Reputation:
I am trying to output the scrapped data from a website into a csv file, first I was coming across UnicodeEncoding error but after using this piece of code:
if __name__ == "__main__":
reload(sys)
sys.setdefaultencoding("utf-8")
I am able to generate the csv, below is the code for the same:
import csv
import urllib2
import sys
from bs4 import BeautifulSoup
if __name__ == "__main__":
reload(sys)
sys.setdefaultencoding("utf-8")
page = urllib2.urlopen('http://www.att.com/shop/wireless/devices/smartphones.html').read()
soup = BeautifulSoup(page)
soup.prettify()
for anchor in soup.findAll('a', {"class": "clickStreamSingleItem"}):
print anchor['title']
with open('Smartphones.csv', 'wb') as csvfile:
spamwriter = csv.writer(csvfile, delimiter=',')

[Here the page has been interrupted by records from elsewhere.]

(* Let $(X,\sigma)$ be a Toeplitz subshift with period structure $(p_n)$. Then $\operatorname{Aut}^{(\infty)}(X,\sigma)$ is the direct limit of the sequence $$\operatorname{Aut}(X,\sigma)\hookrightarrow\operatorname{Aut}(X,\sigma^{p_1})\hookrightarrow\operatorname{Aut}(X,\sigma^{p_2})\hookrightarrow\operatorname{Aut}(X,\sigma^{p_3})\hookrightarrow\cdots$$ where the maps are the natural inclusions; equivalently $\operatorname{Aut}^{(\infty)}(X,\sigma)=\operatorname{Aut}(X,\sigma)\cup\bigcup_{n\ge1}\operatorname{Aut}(X,\sigma^{p_n})$ inside $\operatorname{Homeo}(X)$.
   Context: Let $\mathcal{A}$ be a finite alphabet and $\sigma$ the left shift on $\mathcal{A}^{\mathbb{Z}}$. A Toeplitz sequence $u$ is one such that for every $n\in\mathbb{Z}$ there is $m\ge1$ with $u_n=u_{n+km}$ for all $k$; it is assumed non-periodic. With $\operatorname{per}_p(u)=\{k: u_k=u_{k+pm}\ \forall m\}$, a period structure is a sequence $(p_n)$ with $p_n\mid p_{n+1}$, $\bigcup_n\operatorname{per}_{p_n}(u)=\mathbb{Z}$, each $p_n$ essential. The Toeplitz subshift $(X,\sigma)$ is the orbit closure of $u$ with the shift. $\operatorname{Aut}(X,T)$ is the group of homeomorphisms commuting with $T$ and $\operatorname{Aut}^{(\infty)}(X,T)=\bigcup_{n\ge1}\operatorname{Aut}(X,T^n)\subseteq\operatorname{Homeo}(X)$. *)

theory Defs
  imports "HOL-Analysis.Analysis"
begin

definition fullshift_top :: "(int \<Rightarrow> 'a) topology" where
  "fullshift_top = product_topology (\<lambda>_. discrete_topology UNIV) UNIV"

definition shift :: "(int \<Rightarrow> 'a) \<Rightarrow> (int \<Rightarrow> 'a)" where
  "shift x = (\<lambda>k. x (k + 1))"

definition toeplitz :: "(int \<Rightarrow> 'a) \<Rightarrow> bool" where
  "toeplitz u \<longleftrightarrow> (\<forall>n. \<exists>m::int. m \<ge> 1 \<and> (\<forall>k::int. u n = u (n + k * m)))"

definition periodic_seq :: "(int \<Rightarrow> 'a) \<Rightarrow> bool" where
  "periodic_seq u \<longleftrightarrow> (\<exists>q::int. q \<ge> 1 \<and> (\<forall>n. u (n + q) = u n))"

definition per :: "nat \<Rightarrow> (int \<Rightarrow> 'a) \<Rightarrow> int set" where
  "per p u = {k. \<forall>m::int. u k = u (k + int p * m)}"

definition skeleton :: "nat \<Rightarrow> (int \<Rightarrow> 'a) \<Rightarrow> int \<Rightarrow> 'a option" where
  "skeleton p u k = (if k \<in> per p u then Some (u k) else None)"

definition essential_period :: "nat \<Rightarrow> (int \<Rightarrow> 'a) \<Rightarrow> bool" where
  "essential_period p u \<longleftrightarrow> p \<ge> 1 \<and> per p u \<noteq> {} \<and>
     (\<forall>q. 1 \<le> q \<and> q < p \<longrightarrow> (\<exists>k. skeleton p u (k + int q) \<noteq> skeleton p u k))"

definition period_structure :: "(nat \<Rightarrow> nat) \<Rightarrow> (int \<Rightarrow> 'a) \<Rightarrow> bool" where
  "period_structure p u \<longleftrightarrow>
     (\<forall>n. p n dvd p (Suc n)) \<and> (\<Union>n. per (p n) u) = UNIV \<and>
     (\<forall>n. essential_period (p n) u)"

definition orbit_closure :: "(int \<Rightarrow> 'a) \<Rightarrow> (int \<Rightarrow> 'a) set" where
  "orbit_closure u = fullshift_top closure_of {(\<lambda>j. u (j + k)) | k::int. True}"

definition Aut :: "(int \<Rightarrow> 'a) set \<Rightarrow> ((int \<Rightarrow> 'a) \<Rightarrow> (int \<Rightarrow> 'a))
                  \<Rightarrow> ((int \<Rightarrow> 'a) \<Rightarrow> (int \<Rightarrow> 'a)) set" where
  "Aut X T = {f. homeomorphic_map (subtopology fullshift_top X) (subtopology fullshift_top X) f
                 \<and> (\<forall>x\<in>X. f (T x) = T (f x))}"

definition Aut_infty :: "(int \<Rightarrow> 'a) set \<Rightarrow> ((int \<Rightarrow> 'a) \<Rightarrow> (int \<Rightarrow> 'a))
                  \<Rightarrow> ((int \<Rightarrow> 'a) \<Rightarrow> (int \<Rightarrow> 'a)) set" where
  "Aut_infty X T = (\<Union>n\<in>{1..}. Aut X (T ^^ n))"

end

theory Submission
  imports Defs
begin

text \<open>
  Write X for the orbit closure of u. A point x of X has phase r at level n if arbitrarily
  large central windows of x occur in u at positions congruent to r modulo p n. Such a phase
  exists by pigeonhole, it is unique modulo p n because p n is an essential period, and the
  phases at all levels determine the points of the orbit of u.

  Let f commute with \<sigma>^k. Since gcd k (p N) is eventually constant, P = p n0 is congruent
  to a multiple of k modulo every p N with N \<ge> n0. By continuity, f \<sigma>^P and \<sigma>^P f then
  move phases in the same way; composing with the inverse of f turns this into
  f \<sigma>^P = \<sigma>^P f on the orbit of u, and density extends it to X.
\<close>

section \<open>Shifts, windows and the product topology\<close>

definition shift_by :: "int \<Rightarrow> (int \<Rightarrow> 'a) \<Rightarrow> int \<Rightarrow> 'a" where
  "shift_by t x = (\<lambda>j. x (j + t))"

lemma shift_by_apply [simp]: "shift_by t x j = x (j + t)"
  by (simp add: shift_by_def)

lemma shift_by_shift_by [simp]: "shift_by s (shift_by t x) = shift_by (s + t) x"
  by (simp add: shift_by_def ac_simps)

lemma shift_by_0 [simp]: "shift_by 0 x = x"
  by (simp add: shift_by_def)

lemma funpow_shift: "shift ^^ k = shift_by (int k)"
proof (induction k)
  case (Suc k)
  then show ?case by (auto simp: shift_def shift_by_def fun_eq_iff ac_simps)
qed (simp add: shift_by_def fun_eq_iff)

definition agree_within :: "int \<Rightarrow> (int \<Rightarrow> 'a) \<Rightarrow> (int \<Rightarrow> 'a) \<Rightarrow> bool" where
  "agree_within L x y \<longleftrightarrow> (\<forall>i. \<bar>i\<bar> \<le> L \<longrightarrow> x i = y i)"

lemma agree_within_mono: "agree_within L x y \<Longrightarrow> L' \<le> L \<Longrightarrow> agree_within L' x y"
  by (simp add: agree_within_def)

lemma agree_within_commute: "agree_within L x y \<longleftrightarrow> agree_within L y x"
  by (auto simp: agree_within_def)

lemma agree_within_shift_by: "agree_within (L + \<bar>s\<bar>) x y \<Longrightarrow> agree_within L (shift_by s x) (shift_by s y)"
  by (simp add: agree_within_def)

lemma topspace_fullshift_top [simp]: "topspace fullshift_top = UNIV"
  by (simp add: fullshift_top_def)

lemma Hausdorff_space_fullshift_top: "Hausdorff_space fullshift_top"
  by (simp add: fullshift_top_def Hausdorff_space_product_topology)

lemma continuous_map_shift_by: "continuous_map fullshift_top fullshift_top (shift_by s)"
  unfolding fullshift_top_def continuous_map_componentwise_UNIV shift_by_def
  by (auto intro: continuous_map_product_projection)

spamwriter.writerow([(anchor['title'])])
But I am getting only one device name in the output csv, I don't have any programming background, pardon me for the ignorance. Can you please help me pinpoint the issue in this?
Upvotes: 1
Views: 763
Reputation: 1121416
That's to be expected; you write the file from scratch each time you find an element. Open the file only once before looping over the links, then write rows for each anchor you find:
with open('Smartphones.csv', 'wb') as csvfile:
spamwriter = csv.writer(csvfile, delimiter=',')
for anchor in soup.findAll('a', {"class": "clickStreamSingleItem"}):
print anchor['title']
spamwriter.writerow([anchor['title'].encode('utf8')])
Opening a file for writing with w
clears the file first, and you were doing that for each anchor.
As for your unicode error, please avoid, at all cost, changing the default encoding. Instead, encode your rows properly; I did so in the above example, you can remove the whole .setdefaultencoding()
call (and the reload()
before it).
Upvotes: 1